In the card game Set, each card features a number of shapes, with four attributes:
Number: The number of shapes is 1, 2, or 3. Color: Each shape is red, purple, or green. Shape: Each shape is oval, diamond, or squiggle. Shading: Each shape is hollow, shaded, or striped.
There is exactly one card for each possible combination of attributes.
In the game, several of the cards are dealt out, and the goal is to find a set. A set is formed by three cards, where for each attribute, either all three cards are the same, or all three cards are different.
When three cards form a set, we can also count the number of attributes for which all three cards are the same.
Problem: (a) How many cards are in a complete deck of Set?
(b) How many unique sets are there?
(c) Find the number of sets where all three cards are the same for exactly $0$ attributes.
(d) Find the number of sets where all three cards are the same for exactly $1$ attribute.
(e) Find the number of sets where all three cards are the same for exactly $2$ attributes.
(f) Find the number of sets where all three cards are the same for exactly $3$ attributes.
My attempt
(a) $3^4=\boxed{81}$. Since there are 4 different attributes and 3 different choices for each one. $3\cdot3\cdot3\cdot3=81$
(b) $\dfrac{C(81,2)}{3}=\boxed{1080}$. We know 81 is the total number of cards(part a).
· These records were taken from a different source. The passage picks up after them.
(* A restriction semigroup is isomorphic (as a $(2,1,1)$-algebra) to a $W$-product $W(T,Y)$ of a semilattice $Y$ by a monoid $T$ if and only if it is proper and its underlying left partial action is an action (i.e. defined everywhere). In particular, a restriction semigroup is isomorphic to a semidirect product $T\ltimes Y$ of a semilattice by a monoid if and only if it is proper and its underlying left partial action is an action by order-automorphisms, equivalently, both its underlying left and right partial actions are (everywhere defined) actions.
   Context: A restriction semigroup is an algebra $(S,\cdot,{}^*,{}^+)$ where $(S,\cdot)$ is a semigroup and the identities $xx^*=x$, $x^*y^*=y^*x^*$, $(xy^* )^*=x^*y^*$, $x^*y=y(xy)^*$, $x^+x=x$, $x^+y^+=y^+x^+$, $(x^+y)^+=x^+y^+$, $xy^+=(xy)^+x$, $(x^+)^*=x^+$, $(x^* )^+=x^*$ hold. $P(S)=\{x^*\colon x\in S\}$ is the semilattice of projections; $\sigma$ is the least congruence identifying all projections; $S$ is proper if ($a^*=b^*$, $a\,\sigma\, b$) $\Rightarrow a=b$ and ($a^+=b^+$, $a\,\sigma\, b$) $\Rightarrow a=b$. For a proper restriction semigroup $S$, the underlying left partial action of $T=S/\sigma$ on $E=P(S)$ is: $t\cdot e$ is defined iff there is $a\in t$ with $a^*\ge e$, and then $t\cdot e=(ae)^+$. The underlying right partial action $\circ$ is its reverse: $e\circ t$ is defined iff $e=t\cdot f$ for some $f$ and then $e\circ t=f$. $W$-product: if a monoid $T$ acts on the left on a semilattice $Y$ (written $t*y$) by order-embeddings such that each range $t*Y$ is an order ideal of $Y$, then $W(T,Y)=\{(t*y,t)\colon y\in Y,t\in T\}$ with $(t*y,t)(s*x,s)=(t*y\wedge(ts)*x,ts)$, $(t*y,t)^*=(y,1)$, $(t*y,t)^+=(t*y,1)$. If the action is by order-automorphisms, $W(T,Y)$ is called the semidirect product $T\ltimes Y$ (as a set it is $Y\times T$). *)

theory Defs
  imports Main
begin

record 'a r_alg =
  carr :: "'a set"
  mul  :: "'a \<Rightarrow> 'a \<Rightarrow> 'a"
  st   :: "'a \<Rightarrow> 'a"
  pl   :: "'a \<Rightarrow> 'a"

definition restriction_semigroup :: "('a, 'b) r_alg_scheme \<Rightarrow> bool" where
  "restriction_semigroup S \<longleftrightarrow>
     (\<forall>x\<in>carr S. \<forall>y\<in>carr S. mul S x y \<in> carr S) \<and>
     (\<forall>x\<in>carr S. st S x \<in> carr S \<and> pl S x \<in> carr S) \<and>
     (\<forall>x\<in>carr S. \<forall>y\<in>carr S. \<forall>z\<in>carr S. mul S (mul S x y) z = mul S x (mul S y z)) \<and>
     (\<forall>x\<in>carr S. \<forall>y\<in>carr S.
        mul S x (st S x) = x \<and>
        mul S (st S x) (st S y) = mul S (st S y) (st S x) \<and>
        st S (mul S x (st S y)) = mul S (st S x) (st S y) \<and>
        mul S (st S x) y = mul S y (st S (mul S x y)) \<and>
        mul S (pl S x) x = x \<and>
        mul S (pl S x) (pl S y) = mul S (pl S y) (pl S x) \<and>
        pl S (mul S (pl S x) y) = mul S (pl S x) (pl S y) \<and>
        mul S x (pl S y) = mul S (pl S (mul S x y)) x \<and>
        st S (pl S x) = pl S x \<and>
        pl S (st S x) = st S x)"

definition projections :: "('a, 'b) r_alg_scheme \<Rightarrow> 'a set" where
  "projections S = st S ` carr S"

definition proj_le :: "('a, 'b) r_alg_scheme \<Rightarrow> 'a \<Rightarrow> 'a \<Rightarrow> bool" where
  "proj_le S e f \<longleftrightarrow> e = mul S e f"

definition congruence :: "('a, 'b) r_alg_scheme \<Rightarrow> ('a \<times> 'a) set \<Rightarrow> bool" where
  "congruence S R \<longleftrightarrow> equiv (carr S) R \<and>
     (\<forall>a b c d. (a, b) \<in> R \<longrightarrow> (c, d) \<in> R \<longrightarrow> (mul S a c, mul S b d) \<in> R) \<and>
     (\<forall>a b. (a, b) \<in> R \<longrightarrow> (st S a, st S b) \<in> R \<and> (pl S a, pl S b) \<in> R)"

definition sigma :: "('a, 'b) r_alg_scheme \<Rightarrow> ('a \<times> 'a) set" where
  "sigma S = \<Inter> {R. congruence S R \<and> projections S \<times> projections S \<subseteq> R}"

definition proper :: "('a, 'b) r_alg_scheme \<Rightarrow> bool" where
  "proper S \<longleftrightarrow> (\<forall>a\<in>carr S. \<forall>b\<in>carr S.
     (st S a = st S b \<and> (a, b) \<in> sigma S \<longrightarrow> a = b) \<and>
     (pl S a = pl S b \<and> (a, b) \<in> sigma S \<longrightarrow> a = b))"

definition sigma_classes :: "('a, 'b) r_alg_scheme \<Rightarrow> 'a set set" where
  "sigma_classes S = carr S // sigma S"

definition lpa_defined :: "('a, 'b) r_alg_scheme \<Rightarrow> 'a set \<Rightarrow> 'a \<Rightarrow> bool" where
  "lpa_defined S t e \<longleftrightarrow> (\<exists>a\<in>t. proj_le S e (st S a))"

definition lpa :: "('a, 'b) r_alg_scheme \<Rightarrow> 'a set \<Rightarrow> 'a \<Rightarrow> 'a" where
  "lpa S t e = pl S (mul S (SOME a. a \<in> t \<and> proj_le S e (st S a)) e)"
We also know that there is exactly one out of any two cards that will make a set, so you get $\dbinom{81}{2}$, which is 3240. Then, you have to divide by 3 because you overcounted, so the answer is $\dfrac{3240}{3}=\boxed{1080}$
(c) $\dfrac{81\cdot16\cdot1}{6}=\boxed{216}$.We know that there could only be 81 ways to choose the first one, while there could only be $2^4=16$ cards for the second one because you already chose one of each attribute, which means 2 things you can choose for each attribute. A similar thing happens with the last card, which is $1^4=1$. Then, you multiply them:$81\cdot16\cdot1$. After that, you have to make up for overcounting, so you divide $81\cdot16\cdot1$ by $3!=6$, and you get $\boxed{216}$.
(over here I am not sure about the "$2\cdot2^4=32$" part)
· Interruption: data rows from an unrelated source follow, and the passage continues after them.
(* Let $N\ge 3$, $a>0$, $T>0$, and let $u,v\in C^{2,1}([a,\infty)\times[0,T))$ be two classical solutions of $$w_t=w_{rr}+\frac{N+1}{r}w_r+(Nw+rw_r)w,\qquad (r,t)\in[a,\infty)\times[0,T).$$ Assume $u(r,0)<v(r,0)$ for $r\in[a,\infty)$, $u(a,t)<v(a,t)$ for $t\in[0,T)$, and that $u$, $v$, $rv_r$ are uniformly bounded in $[a,\infty)\times[0,T)$. Then $u(r,t)<v(r,t)$ for all $(r,t)\in[a,\infty)\times[0,T)$. *)

theory Defs
  imports "HOL-Analysis.Analysis"
begin

definition dom_aT :: "real \<Rightarrow> real \<Rightarrow> (real \<times> real) set" where
  "dom_aT a T = {a..} \<times> {0..<T}"

definition C21_on :: "real \<Rightarrow> real \<Rightarrow> (real \<Rightarrow> real \<Rightarrow> real) \<Rightarrow> (real \<Rightarrow> real \<Rightarrow> real)
    \<Rightarrow> (real \<Rightarrow> real \<Rightarrow> real) \<Rightarrow> (real \<Rightarrow> real \<Rightarrow> real) \<Rightarrow> bool" where
  "C21_on a T w wr wrr wt \<longleftrightarrow>
     (\<forall>r t. (r, t) \<in> dom_aT a T \<longrightarrow>
        ((\<lambda>s. w s t) has_real_derivative wr r t) (at r within {a..}) \<and>
        ((\<lambda>s. wr s t) has_real_derivative wrr r t) (at r within {a..}) \<and>
        ((\<lambda>\<tau>. w r \<tau>) has_real_derivative wt r t) (at t within {0..<T})) \<and>
     continuous_on (dom_aT a T) (\<lambda>(r, t). w r t) \<and>
     continuous_on (dom_aT a T) (\<lambda>(r, t). wr r t) \<and>
     continuous_on (dom_aT a T) (\<lambda>(r, t). wrr r t) \<and>
     continuous_on (dom_aT a T) (\<lambda>(r, t). wt r t)"

definition classical_sol :: "nat \<Rightarrow> real \<Rightarrow> real \<Rightarrow> (real \<Rightarrow> real \<Rightarrow> real) \<Rightarrow> (real \<Rightarrow> real \<Rightarrow> real)
    \<Rightarrow> (real \<Rightarrow> real \<Rightarrow> real) \<Rightarrow> (real \<Rightarrow> real \<Rightarrow> real) \<Rightarrow> bool" where
  "classical_sol N a T w wr wrr wt \<longleftrightarrow>
     C21_on a T w wr wrr wt \<and>
     (\<forall>r t. (r, t) \<in> dom_aT a T \<longrightarrow>
        wt r t = wrr r t + (real N + 1) / r * wr r t + (real N * w r t + r * wr r t) * w r t)"

end

theory Submission
  imports Defs
begin

(* The difference w = v - u solves the linear equation w_t = w_rr + b w_r + c w with
   b = (N + 1)/r + r u and c = N (u + v) + r v_r; the bounds give |c| <= (2N + 1) M, but the
   drift b grows linearly in r. The barrier z = w - delta e^(-K t) + eps e^(mu t) (1 + r^2),
   with K > |c| and mu large, satisfies z_t - z_rr - b z_r - c z > 0, so z cannot have a
   first zero inside a rectangle [a, R] x [0, t1] (there z_r = 0, z_rr >= 0 and z_t <= 0).
   The quadratic term dominates bounded functions, so z > 0 on the side r = R once R is
   large. With delta = 0 and eps small this gives w >= 0; then a positive delta below w on
   the rest of the parabolic boundary gives w > 0. *)

lemma DERIV_nonpos_at_left_min:
  fixes f :: "real \<Rightarrow> real"
  assumes der: "(f has_real_derivative D) (at x)" and "d > 0"
    and min: "\<And>y. x - d < y \<Longrightarrow> y < x \<Longrightarrow> f x \<le> f y"
  shows "D \<le> 0"
proof (rule ccontr)
  assume "\<not> D \<le> 0"
  then obtain e where "e > 0" and inc: "\<And>h. 0 < h \<Longrightarrow> h < e \<Longrightarrow> f (x - h) < f x"
    using DERIV_pos_inc_left[OF der] by force
  define h where "h = min e d / 2"
  have "0 < h" "h < e" "h < d"
    using \<open>e > 0\<close> \<open>d > 0\<close> by (auto simp: h_def)
  then show False
    using inc[of h] min[of "x - h"] by auto
qed

lemma DERIV2_local_min_nonneg:
  fixes f f' :: "real \<Rightarrow> real"
  assumes "d > 0"
    and min: "\<And>y. \<bar>x - y\<bar> < d \<Longrightarrow> f x \<le> f y"
    and f': "\<And>y. \<bar>x - y\<bar> < d \<Longrightarrow> (f has_real_derivative f' y) (at y)"
    and f'': "(f' has_real_derivative D) (at x)"
  shows "0 \<le> D"
proof (rule ccontr)
  assume "\<not> 0 \<le> D"
  then obtain e where "e > 0" and dec: "\<And>h. 0 < h \<Longrightarrow> h < e \<Longrightarrow> f' x < f' (x - h)"
    using DERIV_neg_dec_left[OF f''] by force
  have "f' x = 0"
    by (rule DERIV_local_min[of f _ x d]) (use f' min \<open>d > 0\<close> in auto)
  define h where "h = min e d / 2"
  have h: "0 < h" "h < e" "h < d"
    using \<open>e > 0\<close> \<open>d > 0\<close> by (auto simp: h_def)
  obtain \<xi> where \<xi>: "x - h < \<xi>" "\<xi> < x" "f x - f (x - h) = h * f' \<xi>"
    using MVT2[of "x - h" x f f'] f' h by force
  have "0 < f' \<xi>"
    using dec[of "x - \<xi>"] \<xi> h \<open>f' x = 0\<close> by auto
  then have "f (x - h) < f x"
    using \<xi>(3) h(1) by (simp add: algebra_simps)
  then show False
    using min[of "x - h"] h by auto
qed

lemma exists_first_nonpositive_point:
  fixes z \<phi> :: "'a::t2_space \<Rightarrow> real"
  assumes "compact S" "continuous_on S z" "continuous_on S \<phi>" "q \<in> S" "z q \<le> 0"
  obtains p where "p \<in> S" "z p \<le> 0" "\<And>q. q \<in> S \<Longrightarrow> \<phi> q < \<phi> p \<Longrightarrow> 0 < z q"
proof -
  define Z where "Z = S \<inter> z -` {..0}"
  have "closed Z"
    unfolding Z_def
    using continuous_closed_preimage[OF assms(2) compact_imp_closed[OF assms(1)] closed_atMost] .
  then have "compact Z"
    using compact_Int_closed[OF assms(1)] unfolding Z_def by (metis Int_left_absorb)
  moreover have "Z \<noteq> {}" and "Z \<subseteq> S"
    using assms(4,5) by (auto simp: Z_def)
  ultimately obtain p where "p \<in> Z" "\<And>q. q \<in> Z \<Longrightarrow> \<phi> p \<le> \<phi> q"
    using continuous_attains_inf[of Z \<phi>] continuous_on_subset[OF assms(3)] by blast
  then show thesis
    by (intro that) (force simp: Z_def)+
qed
lemma fU_bounds:
  assumes "p \<in> {1..m}"
  shows "fv k p + sigma ahat k p \<le> fU k p" and "fU k p \<le> fv k p + sigma ahat k p + eps k"
proof -
  show "fv k p + sigma ahat k p \<le> fU k p" by (rule dcf_le_fup) (use subgrad_ctr[OF assms] in blast)
  show "fU k p \<le> fv k p + sigma ahat k p + eps k"
    using sol_stoptest[of k] assms by (simp add: stoptest_def)
qed

lemma fL_upper: "p \<in> {1..m} \<Longrightarrow> fL k p \<le> fv k p"
  by (rule flo_le_dcf) (use subgrad_ctr in blast)

lemma fL_lower: "p \<in> I2 m m1 phi \<Longrightarrow> fv k p - eps k \<le> fL k p"
  using sol_stoptest[of k] by (simp add: stoptest_def)

lemma fv_nonpos:
  assumes "p \<in> {m1<..m}"
  shows "fv k p \<le> 0"
proof -
  have "p \<in> {1..m}" using assms by simp
  then show ?thesis
    using fU_nonpos[OF assms, of k] fU_bounds(1)[of p k] sigma_constraint_nonneg[OF assms, of k] by linarith
qed

lemma ell_step_le_del: "ell k * norm (sol k - ctr k) \<le> del k"
proof -
  have "0 < lam + ell k" using lam_pos ell_pos[of k] by simp
  have "norm (sol k - ctr k) \<le> del k / (lam + ell k)"
    using sol_stoptest[of k] by (simp add: stoptest_def)
  then have "ell k * norm (sol k - ctr k) \<le> ell k * (del k / (lam + ell k))"
    by (rule mult_left_mono) (use ell_pos[of k] in simp)
  also have "\<dots> \<le> del k"
    using \<open>0 < lam + ell k\<close> lam_pos del_pos[of k] by (simp add: field_simps mult_left_mono)
  finally show ?thesis .
qed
(d) $\dfrac{81\cdot32\cdot1}{6}=\boxed{432}$. Again, like part c, we start with 81 ways. The second one is different. Since this time the cards could be the same for one attribute, then there are $2\cdot2^4=32$ combinations. Then, the last one has only one way. Again we make up for overcounting by $3!$. So after you multiply $81\cdot32\cdot1$ and divide that by $6$ you get 432
For the (e) and (f) parts, I have no inkling about what to do. Please help!